I’ve had people tell me that “I never realized you were in so much pain.” Or they would rather mourn over the discarded organ instead of asking how I am doing.
I can’t Velcro it back in. Nor would I want to.
The surgery isn’t fool proof. There is always a chance that the endometriosis had spread. Though my doctor did look at my bowls, bladder, and surrounding muscles to hopefully make sure it hadn’t, there is always a chance that it was hiding. Some women continue to have problems with the disease even after a complete hysterectomy.
There is a possibility at a later date that I will have to go back under the knife to remove my remaining ovary if it is painful. We left it in hopes of keeping my hormones in balance. It wasn’t encased in endometriosis like my other one was.
Endometriosis is not spoken about much. Not nearly enough doctors know about it, or know the symptoms well enough to suspect it.

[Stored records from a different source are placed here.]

lemma L_inj: "e1 \<in> E \<Longrightarrow> e2 \<in> E \<Longrightarrow> L e1 = L e2 \<Longrightarrow> e1 = e2"
  using bij unfolding bij_betw_def inj_on_def by auto

lemma L_surj: "t \<in> N \<Longrightarrow> tdeg ET t = 1 \<Longrightarrow> \<exists>e\<in>E. L e = t"
proof -
  assume "t \<in> N" "tdeg ET t = 1"
  hence "t \<in> L ` E" using bij unfolding bij_betw_def by auto
  then show ?thesis by auto
qed

definition side_edges :: "nat \<Rightarrow> nat \<Rightarrow> 'a set set" where
  "side_edges u v = {e\<in>E. L e \<in> comp_minus ET {u,v} v}"

lemma boundary_side_edges_less:
  assumes e: "{u,v} \<in> ET"
  shows "card (boundary E (side_edges u v)) < k"
proof -
  let ?S = "{w\<in>V. \<exists>u' v'. {u,v} = {u', v'} \<and>
      (\<exists>e1\<in>E. \<exists>e2\<in>E. w \<in> e1 \<and> w \<in> e2 \<and>
         L e1 \<in> comp_minus ET {u,v} u' \<and> L e2 \<in> comp_minus ET {u,v} v')}"
  have "boundary E (side_edges u v) \<subseteq> ?S"
  proof
    fix w assume "w \<in> boundary E (side_edges u v)"
    then obtain e1 e2 where w: "w \<in> e1" "e1 \<in> side_edges u v" "w \<in> e2" "e2 \<in> E - side_edges u v"
      unfolding boundary_def by auto
    have "e1 \<in> E" "L e1 \<in> comp_minus ET {u,v} v" using w(2) unfolding side_edges_def by auto
    moreover have "e2 \<in> E" using w by auto
    moreover have "L e2 \<in> comp_minus ET {u,v} u"
      using comp_minus_cover[OF T e L_leaf[OF \<open>e2 \<in> E\<close>, THEN conjunct1]] w(4)
        unfolding side_edges_def by auto
    moreover have "w \<in> V" using simple_graph_edge_subset[OF G \<open>e1 \<in> E\<close>] w(1) by auto
    ultimately show "w \<in> ?S" using w(1,3) by (auto simp: insert_commute)
  qed
  moreover have "finite ?S" using G unfolding simple_graph_def by simp
  ultimately have "card (boundary E (side_edges u v)) \<le> card ?S" by (rule card_mono[rotated])
  moreover have "card ?S = edge_width V E ET L {u,v}" unfolding edge_width_def by simp
  ultimately show ?thesis using W[OF e] by simp
qed

lemma side_edges_leaf:
  assumes "{u,v} \<in> ET" "tdeg ET v = 1"
  obtains e where "e \<in> E" "side_edges u v = {e}"
proof -
  have "finite {w. {v,w} \<in> ET \<and> w \<noteq> u}" using tree_neighbours_finite[OF T] by blast
  then have "{w. {v,w} \<in> ET \<and> w \<noteq> u} = {}" using tdeg_tree[OF T assms(1)] assms(2) by simp
  then have "comp_minus ET {u,v} v = {v}" using comp_minus_split[OF T assms(1)] comp_minus_self
    by auto
  moreover obtain e where "e \<in> E" "L e = v" using L_surj tree_edge_nodes(2)[OF T assms(1)] assms(2)
    by blast
  ultimately show ?thesis using that L_inj unfolding side_edges_def by auto
qed

lemma side_edges_inner:
  assumes "{u,v} \<in> ET" "tdeg ET v = 3"
  obtains w1 w2 where "{v,w1} \<in> ET" "{v,w2} \<in> ET" "w1 \<noteq> u" "w2 \<noteq> u" "w1 \<noteq> w2"
    "side_edges u v = side_edges v w1 \<union> side_edges v w2"
proof -
  have "finite {w. {v,w} \<in> ET \<and> w \<noteq> u}" using tree_neighbours_finite[OF T] by blast
  then have "card {w. {v,w} \<in> ET \<and> w \<noteq> u} = 2" using tdeg_tree[OF T assms(1)] assms(2) by simp
  then obtain w1 w2 where w: "{w. {v,w} \<in> ET \<and> w \<noteq> u} = {w1, w2}" "w1 \<noteq> w2"
    unfolding card_2_iff by blast
  then have nb: "{v,w1} \<in> ET" "{v,w2} \<in> ET" "w1 \<noteq> u" "w2 \<noteq> u" by auto
  have "w = w1 \<or> w = w2" if "{v,w} \<in> ET" "w \<noteq> u" for w using w(1) that by blast
  then have "comp_minus ET {u,v} v \<subseteq> {v} \<union> comp_minus ET {v,w1} w1 \<union> comp_minus ET {v,w2} w2"
    using comp_minus_split[OF T assms(1)] by blast
  moreover have "L e \<noteq> v" if "e \<in> E" for e using L_leaf[OF that] assms(2) by auto
  ultimately have "side_edges u v \<subseteq> side_edges v w1 \<union> side_edges v w2"
    unfolding side_edges_def by blast
  moreover have "side_edges v w1 \<union> side_edges v w2 \<subseteq> side_edges u v"
    using comp_minus_child_subset[OF T assms(1) nb(1,3)] comp_minus_child_subset[OF T assms(1)
      nb(2,4)]
    unfolding side_edges_def by blast
  ultimately show ?thesis by (intro that[OF nb w(2)]) (rule subset_antisym)
qed

lemma narrow_set_side_edges:
  assumes "{u,v} \<in> ET"
  shows "narrow_set0 E k (side_edges u v)"
  using assms
proof (induction "card (comp_minus ET {u,v} v)" arbitrary: u v rule: less_induct)
  case less
  have IH: "narrow_set0 E k (side_edges v w)" if "{v,w} \<in> ET" "w \<noteq> u" for w
  proof (rule less.hyps[OF _ that(1)])
    show "card (comp_minus ET {v,w} w) < card (comp_minus ET {u,v} v)"
      using comp_minus_child_psubset[OF T less.prems that] comp_minus_finite[OF T less.prems]
      by (simp add: psubset_card_mono)
  qed
  from deg[OF tree_edge_nodes(2)[OF T less.prems]] show ?case
  proof
    assume "tdeg ET v = 1"
    then obtain e where "e \<in> E" "side_edges u v = {e}" using side_edges_leaf less.prems by blast
    then show ?thesis using narrow_set0_singleton[of e k E] simple_graph_edge_card[OF G] k3 by simp
  next
    assume "tdeg ET v = 3"
    then obtain w1 w2 where w: "{v,w1} \<in> ET" "{v,w2} \<in> ET" "w1 \<noteq> u" "w2 \<noteq> u" "w1 \<noteq> w2"
      and split: "side_edges u v = side_edges v w1 \<union> side_edges v w2"
      using side_edges_inner less.prems by blast
    have "side_edges v w1 \<inter> side_edges v w2 = {}"
      using comp_minus_disjoint_siblings[OF T w(1,2,5)] unfolding side_edges_def by blast
    then show ?thesis
      using narrow_set0_join[OF IH[OF w(1,3)] IH[OF w(2,4)]] boundary_side_edges_less[OF less.prems]
      unfolding split by simp
  qed
qed

lemma narrow_set_all_edges:
  assumes "E \<noteq> {}"
  shows "narrow_set E k E"
proof -
  obtain e where "e \<in> E" using assms by auto
  then have "{f\<in>ET. L e \<in> f} \<noteq> {}" using L_leaf unfolding tdeg_def
    by (metis card.empty zero_neq_one)
  then obtain f where "f \<in> ET" by blast
  then obtain u v where uv: "{u,v} \<in> ET" "u \<noteq> v" using tree_edge_doubleton[OF T] by blast
  then have vu: "{v,u} \<in> ET" by (simp add: insert_commute)
  have "L e \<in> comp_minus ET {u,v} u \<or> L e \<in> comp_minus ET {u,v} v" if "e \<in> E" for e
    using comp_minus_cover[OF T uv(1)] L_leaf[OF that] by blast
  then have "E - side_edges u v = side_edges v u"
    using comp_minus_disjoint[OF T uv(1)] unfolding side_edges_def by (auto simp: insert_commute)
  moreover have "side_edges u v \<subseteq> E" unfolding side_edges_def by auto
  ultimately have "narrow_set0 E k E"
    using narrow_set0_Un_complement[OF _ narrow_set_side_edges[OF uv(1)]] narrow_set_side_edges[OF
      vu] k3
    by simp
  then show ?thesis using assms unfolding narrow_set0_def by blast
qed
end

section \<open>Trees on prefix-closed sets of addresses\<close>

text \<open>Tree nodes are natural numbers. Concrete trees are built from prefix-closed sets of
  addresses (lists of child indices), encoded by list_encode, every non-empty address being
  joined to its parent.\<close>
abbreviation enc :: "nat list \<Rightarrow> nat" where "enc \<equiv> list_encode"

lemma enc_eq[simp]: "enc p = enc q \<longleftrightarrow> p = q"
  by (metis list_encode_inverse)

definition addr_edges :: "nat list set \<Rightarrow> nat set set" where
  "addr_edges S = {{enc p, enc (p @ [c])} | p c. p @ [c] \<in> S}"

definition prefix_closed :: "nat list set \<Rightarrow> bool" where
  "prefix_closed S = (\<forall>p c. p @ [c] \<in> S \<longrightarrow> p \<in> S)"

lemma prefix_closedD: "prefix_closed S \<Longrightarrow> p @ [c] \<in> S \<Longrightarrow> p \<in> S"
  unfolding prefix_closed_def by blast

lemma addr_edgesI: "p @ [c] \<in> S \<Longrightarrow> {enc p, enc (p @ [c])} \<in> addr_edges S"
  unfolding addr_edges_def by blast

lemma addr_edgesE:
  assumes "e \<in> addr_edges S"
  obtains p c where "p @ [c] \<in> S" "e = {enc p, enc (p @ [c])}"
  using assms unfolding addr_edges_def by blast

lemma addr_edges_doubleton:
  assumes "e \<in> addr_edges S"
  shows "\<exists>x y. x \<noteq> y \<and> e = {x, y}"
proof -
  obtain p c where "e = {enc p, enc (p @ [c])}" using assms by (rule addr_edgesE)
  moreover have "enc p \<noteq> enc (p @ [c])" by simp
  ultimately show ?thesis by blast
qed

lemma addr_edges_root_reach:
  assumes "prefix_closed S" "q \<in> S"
  shows "(enc [], enc q) \<in> (adj_rel (addr_edges S))\<^sup>*"
  using assms(2)
proof (induction q rule: rev_induct)
  case Nil then show ?case by simp
next
  case (snoc c q)
  hence "q \<in> S" using prefix_closedD[OF assms(1)] by blast
  moreover have "(enc q, enc (q @ [c])) \<in> adj_rel (addr_edges S)"
    using addr_edgesI[OF snoc.prems] by simp
  ultimately show ?case using snoc.IH by (simp add: rtrancl.rtrancl_into_rtrancl del: adj_rel_iff)
qed

lemma succ_mod_neq_pred_mod:
  fixes i L :: nat
  assumes "3 \<le> L" "i < L" "(i + 1) mod L = (i + (L - 1)) mod L"
  shows False
proof (cases "i + 1 < L")
  case True
  hence a: "(i + 1) mod L = i + 1" by simp
  show False
  proof (cases "i = 0")
    case True then show False using a assms by simp
  next
    case False
    hence "i + (L - 1) = (i - 1) + L" using assms by linarith
    hence "(i + (L - 1)) mod L = (i - 1) mod L" by (simp only: mod_add_self2)
    also have "\<dots> = i - 1" using assms by (intro mod_less) linarith
    finally have "(i + (L - 1)) mod L = i - 1" .
    then show False using a assms False by linarith
  qed
next
  case False
  hence "i + 1 = L" using assms by linarith
  hence m1: "(i + 1) mod L = 0" by simp
  have "i + (L - 1) = (L - 2) + L" using \<open>i + 1 = L\<close> assms by linarith
  hence "(i + (L - 1)) mod L = (L - 2) mod L" by (simp only: mod_add_self2)
  also have "\<dots> = L - 2" using assms by (intro mod_less) linarith
  finally have "(i + (L - 1)) mod L = L - 2" .
  with m1 show False using assms by linarith
qed

lemma addr_edges_parent:
  assumes "{x,y} \<in> addr_edges S" "length (list_decode y) \<le> length (list_decode x)"
  shows "list_decode y = butlast (list_decode x) \<and> list_decode x \<noteq> []"
proof -
  obtain p c where pc: "p @ [c] \<in> S" "{x,y} = {enc p, enc (p @ [c])}" using assms(1)
    by (rule addr_edgesE)
  hence "(x = enc p \<and> y = enc (p @ [c])) \<or> (y = enc p \<and> x = enc (p @ [c]))"
    by (auto simp: doubleton_eq_iff)
  then show ?thesis using assms(2) by auto
qed

text \<open>On a cycle, a node with the longest address would have its parent as both
  cycle neighbours.\<close>
lemma addr_edges_acyclic:
  assumes "is_cycle (addr_edges S) cs"
  shows False
proof -
  let ?L = "length cs"
  let ?f = "\<lambda>j. length (list_decode (cs ! j))"
  have L3: "3 \<le> ?L" and D: "distinct cs"
    and E: "\<forall>i<?L. {cs ! i, cs ! ((i + 1) mod ?L)} \<in> addr_edges S"
    using assms unfolding is_cycle_def by auto
  have L0: "0 < ?L" using L3 by linarith
  have "Max (?f ` {..<?L}) \<in> ?f ` {..<?L}" using L0 by (intro Max_in) auto
  then obtain i where i: "i < ?L" "?f i = Max (?f ` {..<?L})" by auto
  have i_max: "?f j \<le> ?f i" if "j < ?L" for j unfolding i(2) using that by (intro Max_ge) auto
  define j1 where "j1 = (i + 1) mod ?L"
  define j0 where "j0 = (i + (?L - 1)) mod ?L"
  have j1L: "j1 < ?L" and j0L: "j0 < ?L" unfolding j1_def j0_def using L0 by auto
  have e1: "{cs ! i, cs ! j1} \<in> addr_edges S" using E i(1) unfolding j1_def by simp
  have "(j0 + 1) mod ?L = i"
  proof -
    have "(j0 + 1) mod ?L = (i + (?L - 1) + 1) mod ?L" unfolding j0_def by (simp add: mod_simps)
    also have "i + (?L - 1) + 1 = i + ?L" using L3 by simp
    finally show ?thesis using i(1) by simp
  qed
  hence e0: "{cs ! i, cs ! j0} \<in> addr_edges S" using E j0L by (metis insert_commute)
  have p1: "list_decode (cs ! j1) = butlast (list_decode (cs ! i))"
    using addr_edges_parent[OF e1 i_max[OF j1L]] by blast
  have p0: "list_decode (cs ! j0) = butlast (list_decode (cs ! i))"
    using addr_edges_parent[OF e0 i_max[OF j0L]] by blast
  have "cs ! j1 = cs ! j0" using p1 p0 by (metis list_decode_inverse)
  hence "j1 = j0" using D j1L j0L by (simp add: nth_eq_iff_index_eq)
  then show False using succ_mod_neq_pred_mod[OF L3 i(1)] unfolding j1_def j0_def by simp
qed

lemma prefix_closed_tree:
  assumes "finite S" "[] \<in> S" "prefix_closed S"
  shows "is_tree (enc ` S) (addr_edges S)"
  unfolding is_tree_def
proof (intro conjI ballI)
  show "finite (enc ` S)" using assms by simp
  show "enc ` S \<noteq> {}" using assms by auto
  fix e assume "e \<in> addr_edges S"
  then obtain p c where pc: "p @ [c] \<in> S" "e = {enc p, enc (p @ [c])}" by (rule addr_edgesE)
  have "enc p \<noteq> enc (p @ [c])" by simp
  then show "\<exists>x y. x \<noteq> y \<and> e = {x, y} \<and> x \<in> enc ` S \<and> y \<in> enc ` S"
    using prefix_closedD[OF assms(3) pc(1)] pc by blast
next
  fix x y assume "x \<in> enc ` S" "y \<in> enc ` S"
  then obtain p q where "x = enc p" "y = enc q" "p \<in> S" "q \<in> S" by auto
  then show "(x, y) \<in> (adj_rel (addr_edges S))\<^sup>*"
    using addr_edges_root_reach[OF assms(3)] adj_rel_rtrancl_sym by (meson rtrancl_trans)
next
  show "\<nexists>cs. is_cycle (addr_edges S) cs" using addr_edges_acyclic by blast
qed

Women are speaking about it more. Younger women are seeking help for it. It’s not an older lady problem only. Doctors have to become aware of it so they can help. If you suspect you have it–research it! Gather intel so you can show your doctor how your symptoms match up with women who had it.
Fight for your health. No one else will fight has hard as you do.
This is my story. It’s still being written. I’m only 3 weeks out from the surgery. But I wanted to share it with you before my memories fade because I don’t necessarily remember the sharpness of the pain i lived with every day.
This story is very intimate. But it is true. If I can help one woman fight for her health or one man understand a small bit of what their loved one is dealing with, then baring my soul and my underwear drawer for public consumption is worth it.
I am not ashamed of the choice I made. Everyone deals with pain differently. I figured there was enough pain I have to deal with every day, why keep battling something that can be taken care of?
This is me. Looking forward to being healed and facing the future.
~~For more information about endometriosis and adenomyosis these are a few websites that were helpful for me:
Hystersisters-This website is dedicated to helping women who are facing a hysterectomy and have already had one. It has forums and articles to help you.
>>It also has information to help the men in a woman’s life understand what this surgery and the recovery entails. Mister Hystersisters
medicinenet.com— a list of symptoms and medical information
Endometriosis Foundation –a resource to help spread awareness and provides valuable information.
Adenomyosis Advice –similar to the Endometriosis Foundation.
Gyn Care –learn the difference. While endometriosis and adenomyosis can happen together, they are two different diseases that can cause different symptoms.